[Entries taken from a collection]
· · · · ·

(* Let $G$ be a finite group and $T\neq 0$ a $G$-Tambara functor. The nilradical $\mathfrak N(T)=\sqrt 0$ is a prime Tambara ideal if and only if $\operatorname{Spec}_{\mathbf{Nak}}(T)$ is irreducible.
   Context: All rings are commutative with unit. A $G$-Tambara functor $T$ consists of commutative rings $T(G/H)$ for subgroups $H\le G$ with restriction ring maps, additive transfer maps, multiplicative norm maps and conjugation isomorphisms satisfying the standard Tambara axioms (Hill–Mazur). A Tambara ideal is a family of ring ideals $I(G/H)\subseteq T(G/H)$ closed under restriction, transfer, norm and conjugation; proper if $1\notin I(G/G)$. $\langle x\rangle$ is the Tambara ideal generated by $x$; the product $IJ$ is the Tambara ideal generated by levelwise products. The radical $\sqrt I$ has $\sqrt I(G/H)=\{x\mid\langle x\rangle^n\subseteq I\text{ for some }n\ge1\}$; the nilradical is $\mathfrak N(T)=\sqrt{0}$ for the zero ideal $0$. A proper Tambara ideal $P$ is prime if for all Tambara ideals $I,J$, $IJ\subseteq P$ implies $I\subseteq P$ or $J\subseteq P$. $\operatorname{Spec}_{\mathbf{Nak}}(T)$ is the set of primes, topologized with subbasic closed sets $V_H(x)=\{P\mid x\in P(G/H)\}$ for $H\le G$, $x\in T(G/H)$. A space is irreducible if any two nonempty open subsets intersect (as used here: $U\cap V=\varnothing$ implies $U=\varnothing$ or $V=\varnothing$). *)

theory Defs
  imports "HOL-Algebra.Algebra" "HOL-Analysis.Abstract_Topology"
begin

text \<open>A G-Tambara functor assigns to every subgroup H of G a commutative ring
  t_lev T H (the value at G/H), with restrictions t_res T K H : T(G/K) -> T(G/H),
  transfers t_tr T K H : T(G/H) -> T(G/K), norms t_nm T K H : T(G/H) -> T(G/K)
  (for H a subgroup of K) and conjugations t_cj T g H : T(G/H) -> T(G/gHg^-1).\<close>

record ('g, 'r) tambara =
  t_lev :: "'g set \<Rightarrow> 'r ring"
  t_res :: "'g set \<Rightarrow> 'g set \<Rightarrow> 'r \<Rightarrow> 'r"
  t_tr  :: "'g set \<Rightarrow> 'g set \<Rightarrow> 'r \<Rightarrow> 'r"
  t_nm  :: "'g set \<Rightarrow> 'g set \<Rightarrow> 'r \<Rightarrow> 'r"
  t_cj  :: "'g \<Rightarrow> 'g set \<Rightarrow> 'r \<Rightarrow> 'r"

definition conjsub :: "('g, 'b) monoid_scheme \<Rightarrow> 'g \<Rightarrow> 'g set \<Rightarrow> 'g set" where
  "conjsub G g H = (\<lambda>h. g \<otimes>\<^bsub>G\<^esub> h \<otimes>\<^bsub>G\<^esub> inv\<^bsub>G\<^esub> g) ` H"

definition dcos :: "('g, 'b) monoid_scheme \<Rightarrow> 'g set \<Rightarrow> 'g \<Rightarrow> 'g set \<Rightarrow> 'g set" where
  "dcos G J r H = {j \<otimes>\<^bsub>G\<^esub> r \<otimes>\<^bsub>G\<^esub> h | j h. j \<in> J \<and> h \<in> H}"

definition dreps :: "('g, 'b) monoid_scheme \<Rightarrow> 'g set \<Rightarrow> 'g set \<Rightarrow> 'g set \<Rightarrow> 'g set \<Rightarrow> bool" where
  "dreps G K J H Q \<longleftrightarrow> Q \<subseteq> K \<and> (\<forall>k\<in>K. \<exists>!q. q \<in> Q \<and> k \<in> dcos G J q H)"

definition lco :: "('g, 'b) monoid_scheme \<Rightarrow> 'g \<Rightarrow> 'g set \<Rightarrow> 'g set" where
  "lco G k C = (\<lambda>c. k \<otimes>\<^bsub>G\<^esub> c) ` C"

definition lcosetsK :: "('g, 'b) monoid_scheme \<Rightarrow> 'g set \<Rightarrow> 'g set \<Rightarrow> 'g set set" where
  "lcosetsK G K H = {lco G k H | k. k \<in> K}"

definition subact :: "('g, 'b) monoid_scheme \<Rightarrow> 'g \<Rightarrow> 'g set set \<Rightarrow> 'g set set" where
  "subact G k S = (\<lambda>C. lco G k C) ` S"

definition subreps :: "('g, 'b) monoid_scheme \<Rightarrow> 'g set \<Rightarrow> 'g set \<Rightarrow> 'g set set set \<Rightarrow> bool" where
  "subreps G K H \<SS> \<longleftrightarrow> \<SS> \<subseteq> Pow (lcosetsK G K H) \<and>
     (\<forall>S'\<in>Pow (lcosetsK G K H). \<exists>!S. S \<in> \<SS> \<and> (\<exists>k\<in>K. subact G k S = S'))"

definition substab :: "('g, 'b) monoid_scheme \<Rightarrow> 'g set \<Rightarrow> 'g set set \<Rightarrow> 'g set" where
  "substab G K S = {k \<in> K. subact G k S = S}"

definition sections :: "('g, 'b) monoid_scheme \<Rightarrow> 'g set \<Rightarrow> 'g set \<Rightarrow> 'g set \<Rightarrow> ('g set \<Rightarrow> 'g set) set" where
  "sections G J K H = {s \<in> lcosetsK G J K \<rightarrow>\<^sub>E lcosetsK G J H. \<forall>C \<in> lcosetsK G J K. s C \<subseteq> C}"

definition secact :: "('g, 'b) monoid_scheme \<Rightarrow> 'g set \<Rightarrow> 'g set \<Rightarrow> 'g \<Rightarrow> ('g set \<Rightarrow> 'g set) \<Rightarrow> ('g set \<Rightarrow> 'g set)" where
  "secact G J K j s = restrict (\<lambda>C. lco G j (s (lco G (inv\<^bsub>G\<^esub> j) C))) (lcosetsK G J K)"

definition secreps :: "('g, 'b) monoid_scheme \<Rightarrow> 'g set \<Rightarrow> 'g set \<Rightarrow> 'g set \<Rightarrow> ('g set \<Rightarrow> 'g set) set \<Rightarrow> bool" where
  "secreps G J K H \<SS> \<longleftrightarrow> \<SS> \<subseteq> sections G J K H \<and>
     (\<forall>s'\<in>sections G J K H. \<exists>!s. s \<in> \<SS> \<and> (\<exists>j\<in>J. secact G J K j s = s'))"

definition secstab :: "('g, 'b) monoid_scheme \<Rightarrow> 'g set \<Rightarrow> 'g set \<Rightarrow> ('g set \<Rightarrow> 'g set) \<Rightarrow> 'g set" where
  "secstab G J K s = {j \<in> J. secact G J K j s = s}"

definition subgrp_le :: "('g, 'b) monoid_scheme \<Rightarrow> 'g set \<Rightarrow> 'g set \<Rightarrow> bool" where
  "subgrp_le G H K \<longleftrightarrow> subgroup H G \<and> subgroup K G \<and> H \<subseteq> K"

· · · · ·

Requirement: Taking the line with "(\<forall>S'\<in>Pow (lcosetsK G" as the first and the line with "J K \<rightarrow>\<^sub>E" as the last, retype that stretch of the data above exactly, with no other lines.

Answer to this exercise:
     (\<forall>S'\<in>Pow (lcosetsK G K H). \<exists>!S. S \<in> \<SS> \<and> (\<exists>k\<in>K. subact G k S = S'))"

definition substab :: "('g, 'b) monoid_scheme \<Rightarrow> 'g set \<Rightarrow> 'g set set \<Rightarrow> 'g set" where
  "substab G K S = {k \<in> K. subact G k S = S}"

definition sections :: "('g, 'b) monoid_scheme \<Rightarrow> 'g set \<Rightarrow> 'g set \<Rightarrow> 'g set \<Rightarrow> ('g set \<Rightarrow> 'g set) set" where
  "sections G J K H = {s \<in> lcosetsK G J K \<rightarrow>\<^sub>E lcosetsK G J H. \<forall>C \<in> lcosetsK G J K. s C \<subseteq> C}"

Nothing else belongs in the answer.